Страница 24 из 34
– Да что вы все о перспективах! У нас все только начинается, давай думать, как нормально жить, веселиться, успешно окончить университет, стать хорошими специалистами.
– Папа научил? Ну, добавь еще: стать строителями коммунизма, успешно завершить пятилетку и прочую подобную чушь.
– Ты, Мари, повторяешь слова Варужана. Между прочим, люди верят в эту, как ты говоришь, чушь и живут нормально, а ты не веришь. Думаешь, ты умнее других?
– Ты живешь во лжи, Давид. А я так жить не хочу.

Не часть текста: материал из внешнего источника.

(* Let $n=2k$ with $k\ge1$, let $\lambda\in\mathbb{F}_{2^n}$ and $f(x)=Tr(\lambda x^{2^k+1})$ for $x\in\mathbb{F}_{2^n}$. Then $f$ is negabent if and only if $\lambda+\lambda^{2^k}\neq 1$. Moreover, $f$ is bent-negabent if and only if $\lambda+\lambda^{2^k}\notin\mathbb{F}_2$.
   Context: $Tr=Tr_1^n$ is the absolute trace $\mathbb{F}_{2^n}\to\mathbb{F}_2$. Fix a self-dual basis of $\mathbb{F}_{2^n}$ over $\mathbb{F}_2$ (basis $\{\alpha_i\}$ with $Tr(\alpha_i\alpha_j)=\delta_{ij}$), identify $\mathbb{F}_{2^n}$ with $\mathbb{F}_2^n$ via coordinates, and let $wt(x)$ be the number of nonzero coordinates of $x$. For $g:\mathbb{F}_{2^n}\to\mathbb{F}_2$: $g$ is bent if $\left|\sum_x(-1)^{g(x)+Tr(\mu x)}\right|=2^{n/2}$ for all $\mu$; $g$ is negabent if $\left|\sum_x(-1)^{g(x)+Tr(\mu x)}\mathrm{i}^{wt(x)}\right|=2^{n/2}$ for all $\mu$ ($\mathrm{i}=\sqrt{-1}$); bent-negabent means both. *)

theory Defs
  imports Complex_Main
begin

text \<open>The finite field F_(2^n) is modelled as an arbitrary finite field type 'a
  with CARD('a) = 2^n (hence characteristic 2).  F_2 is the prime subfield {0,1}.\<close>

definition tr :: "nat \<Rightarrow> 'a::field \<Rightarrow> 'a" where
  "tr n x = (\<Sum>i<n. x ^ (2 ^ i))"

definition sgn2 :: "'a::field \<Rightarrow> complex" where
  "sgn2 y = (if y = 0 then 1 else -1)"

definition self_dual_basis :: "nat \<Rightarrow> (nat \<Rightarrow> 'a::field) \<Rightarrow> bool" where
  "self_dual_basis n \<alpha> \<longleftrightarrow>
     (\<forall>i<n. \<forall>j<n. tr n (\<alpha> i * \<alpha> j) = (if i = j then 1 else 0))"

text \<open>Coordinates of x w.r.t. a self-dual basis are tr n (alpha i * x); wt counts the nonzero ones.\<close>
definition wt :: "nat \<Rightarrow> (nat \<Rightarrow> 'a::field) \<Rightarrow> 'a \<Rightarrow> nat" where
  "wt n \<alpha> x = card {i. i < n \<and> tr n (\<alpha> i * x) \<noteq> 0}"

definition bent :: "nat \<Rightarrow> ('a::{field,finite} \<Rightarrow> 'a) \<Rightarrow> bool" where
  "bent n g \<longleftrightarrow>
     (\<forall>\<mu>. cmod (\<Sum>x\<in>UNIV. sgn2 (g x + tr n (\<mu> * x))) = 2 powr (real n / 2))"

definition negabent :: "nat \<Rightarrow> (nat \<Rightarrow> 'a::{field,finite}) \<Rightarrow> ('a \<Rightarrow> 'a) \<Rightarrow> bool" where
  "negabent n \<alpha> g \<longleftrightarrow>
     (\<forall>\<mu>. cmod (\<Sum>x\<in>UNIV. sgn2 (g x + tr n (\<mu> * x)) * \<i> ^ wt n \<alpha> x) = 2 powr (real n / 2))"

end

theory Submission
  imports Defs "HOL-Number_Theory.Residues"
begin

(* Write q = 2^k and c = lam + lam^q, which lies in the subfield F_(2^k).  For f x = Tr (lam x^(q+1))
   the polar form Tr (lam (a+y)^(q+1)) - Tr (lam a^(q+1)) - Tr (lam y^(q+1)) = Tr (y c a^q) is linear
   in y, so squaring a Walsh coefficient and summing out y leaves 2^n times a sum over the kernel of
   a |-> c a^q.  In the nega-Hadamard transform the weights add one more linear term: coordinates in
   a self-dual basis are traces, so i^wt(x) * conj (i^wt(y)) = i^wt(x+y) * (-1)^Tr(x y + y), and the
   kernel becomes that of a |-> c a^q + a.  Since c^q = c, a nonzero root forces c^2 = 1, i.e. c = 1.
   Hence the nega-spectrum is flat iff c <> 1; for c = 1, Fourier inversion at the root 1 shows it is
   not.  Likewise f is bent iff c <> 0, and for c = 0 the function f vanishes identically. *)

(* The library's finite_field_power_card_eq_same requires the sort finite_field. *)
lemma power_card_eq_self:
  fixes x :: "'a::{field,finite}"
  shows "x ^ card (UNIV :: 'a set) = x"
proof (cases "x = 0")
  case False
  let ?U = "UNIV - {0 :: 'a}"
  have "x ^ card ?U * (\<Prod>y\<in>?U. y) = (\<Prod>y\<in>?U. x * y)"
    by (simp add: prod.distrib)
  also have "\<dots> = (\<Prod>y\<in>?U. y)"
    by (rule prod.reindex_bij_witness[of _ "\<lambda>y. y / x" "\<lambda>y. x * y"]) (use False in auto)
  finally have "x ^ card ?U = 1"
    by simp
  moreover have "card (UNIV :: 'a set) = Suc (card ?U)"
    by (simp add: card_Diff_singleton finite_UNIV_card_ge_0)
  ultimately show ?thesis
    by (simp only: power_Suc mult_1_right)
qed (simp add: finite_UNIV_card_ge_0)

lemma cmod_eq_two_powr_half_iff:
  "cmod z = 2 powr (real n / 2) \<longleftrightarrow> z * cnj z = 2 ^ n"
proof -
  have "(2 powr (real n / 2)) ^ 2 = (2::real) ^ n"
    by (simp add: powr_power powr_realpow)
  then have "cmod z = 2 powr (real n / 2) \<longleftrightarrow> (cmod z) ^ 2 = 2 ^ n"
    using power2_eq_iff_nonneg[of "cmod z" "2 powr (real n / 2)"] by simp
  also have "\<dots> \<longleftrightarrow> complex_of_real ((cmod z) ^ 2) = 2 ^ n"
    by (simp only: of_real_eq_iff[symmetric, where 'a=complex]) simp
  finally show ?thesis
    by (simp only: complex_norm_square)
qed

lemma i_power_card_mult_cnj:
  assumes "finite A" "finite B"
  shows "\<i> ^ card A * cnj (\<i> ^ card B)
           = \<i> ^ card (A - B \<union> (B - A)) * (-1) ^ (card (A \<inter> B) + card B)"
proof -
  define a b c where "a = card (A - B)" and "b = card (B - A)" and "c = card (A \<inter> B)"
  have card_A: "card A = a + c" and card_B: "card B = b + c"
    using card_Int_Diff[OF assms(1), of B] card_Int_Diff[OF assms(2), of A]
    by (simp_all add: a_def b_def c_def Int_commute)
  have card_sym_diff: "card (A - B \<union> (B - A)) = a + b"
    unfolding a_def b_def using assms by (intro card_Un_disjoint) auto
  have i_square: "\<i> ^ c * \<i> ^ c = (-1::complex) ^ c"
    by (simp flip: power_mult_distrib)
  have "\<i> ^ card A * cnj (\<i> ^ card B) = \<i> ^ (a + c) * (- \<i>) ^ (b + c)"
    by (simp add: card_A card_B)
  also have "\<dots> = \<i> ^ (a + b) * (\<i> ^ c * \<i> ^ c) * (-1) ^ (b + c)"
    by (simp only: power_minus[of \<i>] power_add mult_ac)
  also have "\<dots> = \<i> ^ card (A - B \<union> (B - A)) * (-1) ^ (card (A \<inter> B) + card B)"
    unfolding i_square card_sym_diff card_B c_def[symmetric] by (simp add: power_add)
  finally show ?thesis .
qed

definition trace_char :: "nat \<Rightarrow> 'a::field \<Rightarrow> complex" where
  "trace_char n x = sgn2 (tr n x)"

lemma cnj_trace_char [simp]: "cnj (trace_char n x) = trace_char n x"
  by (simp add: trace_char_def sgn2_def)

lemma trace_char_mult_self_left [simp]: "trace_char n x * (trace_char n x * z) = z"
  by (simp add: trace_char_def sgn2_def)

definition walsh :: "nat \<Rightarrow> ('a::{field,finite} \<Rightarrow> 'a) \<Rightarrow> 'a \<Rightarrow> complex" where
  "walsh n g \<mu> = (\<Sum>x\<in>UNIV. sgn2 (g x + tr n (\<mu> * x)))"

definition nega_walsh :: "nat \<Rightarrow> (nat \<Rightarrow> 'a) \<Rightarrow> ('a::{field,finite} \<Rightarrow> 'a) \<Rightarrow> 'a \<Rightarrow> complex" where
  "nega_walsh n \<alpha> g \<mu> = (\<Sum>x\<in>UNIV. sgn2 (g x + tr n (\<mu> * x)) * \<i> ^ wt n \<alpha> x)"

lemma bent_iff_walsh_square:
  "bent n g \<longleftrightarrow> (\<forall>\<mu>. walsh n g \<mu> * cnj (walsh n g \<mu>) = 2 ^ n)"
  by (simp add: bent_def walsh_def cmod_eq_two_powr_half_iff)

lemma negabent_iff_nega_walsh_square:
  "negabent n \<alpha> g \<longleftrightarrow> (\<forall>\<mu>. nega_walsh n \<alpha> g \<mu> * cnj (nega_walsh n \<alpha> g \<mu>) = 2 ^ n)"
  by (simp add: negabent_def nega_walsh_def cmod_eq_two_powr_half_iff)
lemma cspan_cstate:
  "cspan (\<lambda>l. cstate \<alpha> \<beta> (z * exp (2 * of_real pi * \<i> * of_nat l / of_nat k))) k
     = cspan (\<lambda>j. kstate \<alpha> \<beta> k j z) k"
proof
  show "cspan (\<lambda>l. cstate \<alpha> \<beta> (z * exp (2 * of_real pi * \<i> * of_nat l / of_nat k))) k
      \<subseteq> cspan (\<lambda>j. kstate \<alpha> \<beta> k j z) k"
    by (intro cspan_subset_cspan) (simp add: cstate_root_of_unity cspan_kstate)
next
  have "kstate \<alpha> \<beta> k j z \<in> cspan (\<lambda>l. cstate \<alpha> \<beta> (z * exp (2 * of_real pi * \<i> * of_nat l / of_nat k))) k"
    if "j < k" for j
  proof (rule cspanI)
    show "kstate \<alpha> \<beta> k j z = (\<lambda>m. \<Sum>l<k. ((1 / of_nat k) * complex_of_real (sqrt (F / Fk j))
        * exp (- 2 * of_real pi * \<i> * of_nat j * of_nat l / of_nat k))
        * cstate \<alpha> \<beta> (z * exp (2 * of_real pi * \<i> * of_nat l / of_nat k)) m)"
      by (simp add: fun_eq_iff kstate_eq_sum_cstate[OF that, symmetric] sum_distrib_left mult.assoc)
  qed
  then show "cspan (\<lambda>j. kstate \<alpha> \<beta> k j z) k
      \<subseteq> cspan (\<lambda>l. cstate \<alpha> \<beta> (z * exp (2 * of_real pi * \<i> * of_nat l / of_nat k))) k"
    by (intro cspan_subset_cspan) blast
qed

lemma kstate_orthonormal:
  assumes "i < k" and "j < k"
  shows "l2_inner (kstate \<alpha> \<beta> k i z) (kstate \<alpha> \<beta> k j z) = (if i = j then 1 else 0)"
proof (cases "i = j")
  case False
  then have "cnj (kstate \<alpha> \<beta> k i z m) * kstate \<alpha> \<beta> k j z m = 0" for m
    using assms by (simp add: kstate_eq)
  then have "(\<lambda>m. cnj (kstate \<alpha> \<beta> k i z m) * kstate \<alpha> \<beta> k j z m) = (\<lambda>m. 0)"
    by (rule ext)
  then show ?thesis
    using False by (simp add: l2_inner_def)
next
  case True
  have "(cmod (kstate \<alpha> \<beta> k j z m))\<^sup>2 = (if m mod k = j then x ^ m / rho \<alpha> \<beta> m else 0) / Fk j" for m
    using rho_pos[of m] hypFkj_pos[OF assms(2)]
    by (simp add: kstate_eq[OF assms(2)] norm_mult norm_divide norm_power power_mult_distrib power_divide
        flip: power_mult) (simp add: mult.commute)
  then have "cnj (kstate \<alpha> \<beta> k j z m) * kstate \<alpha> \<beta> k j z m
      = complex_of_real ((if m mod k = j then x ^ m / rho \<alpha> \<beta> m else 0) / Fk j)" for m
    by (metis complex_norm_square mult.commute)
  moreover have "(\<lambda>m. complex_of_real ((if m mod k = j then x ^ m / rho \<alpha> \<beta> m else 0) / Fk j)) sums 1"
    using sums_of_real[where 'a = complex, OF sums_divide[OF hypFkj_sums[OF assms(2)], of "Fk j"]] hypFkj_pos[OF assms(2)]
    by simp
  ultimately show ?thesis
    using True unfolding l2_inner_def by (simp add: sums_iff)
qed

end

theorem proposition2:
  fixes \<alpha> \<beta> :: "real list" and k :: nat and z :: complex
  assumes "\<forall>a\<in>set \<alpha>. a > 0" and "\<forall>b\<in>set \<beta>. b > 0" and "k \<ge> 1" and "z \<noteq> 0"
    and "ereal ((cmod z)\<^sup>2) < conv_radius (\<lambda>n. 1 / rho \<alpha> \<beta> n)"
  shows "(\<forall>j<k. (\<lambda>m. (1 / of_nat k)
              * complex_of_real (sqrt (hypF \<alpha> \<beta> ((cmod z)\<^sup>2) / hypFkj \<alpha> \<beta> k j ((cmod z)\<^sup>2)))
              * (\<Sum>l<k. exp (- 2 * of_real pi * \<i> * of_nat j * of_nat l / of_nat k)
                         * cstate \<alpha> \<beta> (z * exp (2 * of_real pi * \<i> * of_nat l / of_nat k)) m))
            = kstate \<alpha> \<beta> k j z)
       \<and> (\<forall>j<k. kstate \<alpha> \<beta> k j z \<in> eigenspace \<alpha> \<beta> k (z ^ k))
       \<and> (\<forall>i<k. \<forall>j<k. l2_inner (kstate \<alpha> \<beta> k i z) (kstate \<alpha> \<beta> k j z) = (if i = j then 1 else 0))
       \<and> eigenspace \<alpha> \<beta> k (z ^ k) = cspan (\<lambda>j. kstate \<alpha> \<beta> k j z) k
       \<and> eigenspace \<alpha> \<beta> k (z ^ k) = cspan (\<lambda>l. cstate \<alpha> \<beta> (z * exp (2 * of_real pi * \<i> * of_nat l / of_nat k))) k"
proof -
  interpret hypergeometric_eigenspace \<alpha> \<beta> k z
    by unfold_locales (use assms in auto)
  have "\<forall>j<k. kstate \<alpha> \<beta> k j z \<in> eigenspace \<alpha> \<beta> k (z ^ k)"
    by (simp add: kstate_eq_periodic_state periodic_state_in_eigenspace)
  moreover have "eigenspace \<alpha> \<beta> k (z ^ k) = cspan (\<lambda>j. kstate \<alpha> \<beta> k j z) k"
    by (simp add: eigenspace_eq_periodic_states cspan_kstate)
  ultimately show ?thesis
    using kstate_eq_sum_cstate kstate_orthonormal cspan_cstate by (auto simp: fun_eq_iff)
qed

end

– И что ты предлагаешь? Уехать? Это твоя правда? А как же мои папа, мама, брат, друзья? В конце концов, моя страна. Что я буду делать на чужбине?
– Может, ты и прав, Давид, просто я боюсь тебя потерять.
– Мари, давай оставим эту тему. В жизни много вариантов. Для меня ясно одно: я эмигрировать не хочу.
– А я, Давид, представляю свою жизнь только в Париже, где я родилась, где начала ходить в школу, где проучилась несколько лет. В конце концов, моя мама – француженка. Но туда я могу поехать только с тобой.
– Мари, хватит об этом! Два месяца знакомы, и уже начинаем решать, что будет через пять или десять лет?
Наши с Мари голоса звучали все громче и громче. Казалось, мы вот-вот поссоримся, но тут подошла Тереза.
– Мари, Давид, идите ужинать!
– Кстати, Мари, забыл спросить: когда я подъехал к вашему дому, от него отходила какая-то неопрятная женщина. Мне она показалась знакомой. Вроде бы она вышла из вашей калитки. Можешь напомнить, кто это?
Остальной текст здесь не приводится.